▸ **What you have to do**
Give the entries again, exactly as they stand.

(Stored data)
(* Every weakly contig-preserving assembly graph is splitting. Every splitting, non-redundant assembly graph is weakly contig-preserving.
   Context: All strings are over a fixed finite alphabet $\Sigma$. A cyclic string is a bi-infinite periodic word $\mathbb{Z}\to\Sigma$, considered up to shifting indices; for a nonempty finite string $x$, $\langle x\rangle$ is the cyclic string repeating $x$ in both directions. Finite substrings of cyclic strings are contiguous blocks; a cyclic string is a substring only of itself. A string $u$ is a proper infix of $w$ if $w=aub$ with $a,b$ nonempty. An abstract assembly graph is a finite directed multigraph in which each vertex and edge carries a label (a finite or cyclic string) such that for every edge $e$ from $u$ to $v$, $Label(u)$ is a prefix and $Label(v)$ a suffix of $Label(e)$. An edge $e$ from $u$ to $v$ is a prefix edge if $Label(e)=Label(v)$, a suffix edge if $Label(e)=Label(u)$. An assembly graph is an abstract assembly graph in which every vertex and edge lies on a directed cycle and no edge is both a prefix and a suffix edge. The label of a walk $v_0,e_1,\dots,e_n,v_n$ is $Label(e_1)$ followed, for $i\ge 2$, by $Label(e_i)$ with its first $|Label(v_{i-1})|$ characters removed; a walk with no edges has its vertex label. A circuit is a primitive closed walk up to rotation; if its walk label is $Label(v_0)x$, its label is $\langle x\rangle$. $P$ is an inner subwalk of $Q$ if $Q=APB$ with walks $A,B$ each having at least one edge. The graph is non-redundant if whenever $Label(P)$ is a proper infix of $Label(Q)$ for walks $P,Q$, $P$ is an inner subwalk of $Q$. The graph is splitting if for every vertex $v$ and any two distinct edges $e_1,e_2$ leaving $v$, the longest common prefix of $Label(e_1)$ and $Label(e_2)$ is $Label(v)$, and for every vertex $u$ and any two distinct edges entering $u$, the longest common suffix of their labels is $Label(u)$ (labels diverge immediately after/before the shared vertex label). A genome path candidate is a finite collection of circuits; a genome candidate is a finite collection of cyclic strings, and $Labels$ maps a genome path candidate to the genome candidate of its circuit labels (and sets of walks/candidates elementwise). For a set $\mathfrak{P}$ of genome path candidates, $\mathrm{OGA}(\mathfrak{P})$ is the set of walks that are subwalks (traversals of consecutive vertices and edges, possibly wrapping around) of some circuit of every candidate in $\mathfrak{P}$ and are maximal with this property under the subwalk relation. For a set $\mathfrak{C}$ of genome candidates, $\mathrm{OA}(\mathfrak{C})$ is the set of strings that are substrings of some element of every candidate in $\mathfrak{C}$ and are maximal with this property under the substring relation. An assembly graph is weakly contig-preserving if for every set $\mathfrak{P}$ of genome path candidates, $Labels(\mathrm{OGA}(\mathfrak{P}))\subseteq \mathrm{OA}(Labels(\mathfrak{P}))$. *)

theory Defs
  imports Main "HOL-Library.Sublist"
begin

▸ **Answer to this problem**
(* Every weakly contig-preserving assembly graph is splitting. Every splitting, non-redundant assembly graph is weakly contig-preserving.
   Context: All strings are over a fixed finite alphabet $\Sigma$. A cyclic string is a bi-infinite periodic word $\mathbb{Z}\to\Sigma$, considered up to shifting indices; for a nonempty finite string $x$, $\langle x\rangle$ is the cyclic string repeating $x$ in both directions. Finite substrings of cyclic strings are contiguous blocks; a cyclic string is a substring only of itself. A string $u$ is a proper infix of $w$ if $w=aub$ with $a,b$ nonempty. An abstract assembly graph is a finite directed multigraph in which each vertex and edge carries a label (a finite or cyclic string) such that for every edge $e$ from $u$ to $v$, $Label(u)$ is a prefix and $Label(v)$ a suffix of $Label(e)$. An edge $e$ from $u$ to $v$ is a prefix edge if $Label(e)=Label(v)$, a suffix edge if $Label(e)=Label(u)$. An assembly graph is an abstract assembly graph in which every vertex and edge lies on a directed cycle and no edge is both a prefix and a suffix edge. The label of a walk $v_0,e_1,\dots,e_n,v_n$ is $Label(e_1)$ followed, for $i\ge 2$, by $Label(e_i)$ with its first $|Label(v_{i-1})|$ characters removed; a walk with no edges has its vertex label. A circuit is a primitive closed walk up to rotation; if its walk label is $Label(v_0)x$, its label is $\langle x\rangle$. $P$ is an inner subwalk of $Q$ if $Q=APB$ with walks $A,B$ each having at least one edge. The graph is non-redundant if whenever $Label(P)$ is a proper infix of $Label(Q)$ for walks $P,Q$, $P$ is an inner subwalk of $Q$. The graph is splitting if for every vertex $v$ and any two distinct edges $e_1,e_2$ leaving $v$, the longest common prefix of $Label(e_1)$ and $Label(e_2)$ is $Label(v)$, and for every vertex $u$ and any two distinct edges entering $u$, the longest common suffix of their labels is $Label(u)$ (labels diverge immediately after/before the shared vertex label). A genome path candidate is a finite collection of circuits; a genome candidate is a finite collection of cyclic strings, and $Labels$ maps a genome path candidate to the genome candidate of its circuit labels (and sets of walks/candidates elementwise). For a set $\mathfrak{P}$ of genome path candidates, $\mathrm{OGA}(\mathfrak{P})$ is the set of walks that are subwalks (traversals of consecutive vertices and edges, possibly wrapping around) of some circuit of every candidate in $\mathfrak{P}$ and are maximal with this property under the subwalk relation. For a set $\mathfrak{C}$ of genome candidates, $\mathrm{OA}(\mathfrak{C})$ is the set of strings that are substrings of some element of every candidate in $\mathfrak{C}$ and are maximal with this property under the substring relation. An assembly graph is weakly contig-preserving if for every set $\mathfrak{P}$ of genome path candidates, $Labels(\mathrm{OGA}(\mathfrak{P}))\subseteq \mathrm{OA}(Labels(\mathfrak{P}))$. *)

theory Defs
  imports Main "HOL-Library.Sublist"
begin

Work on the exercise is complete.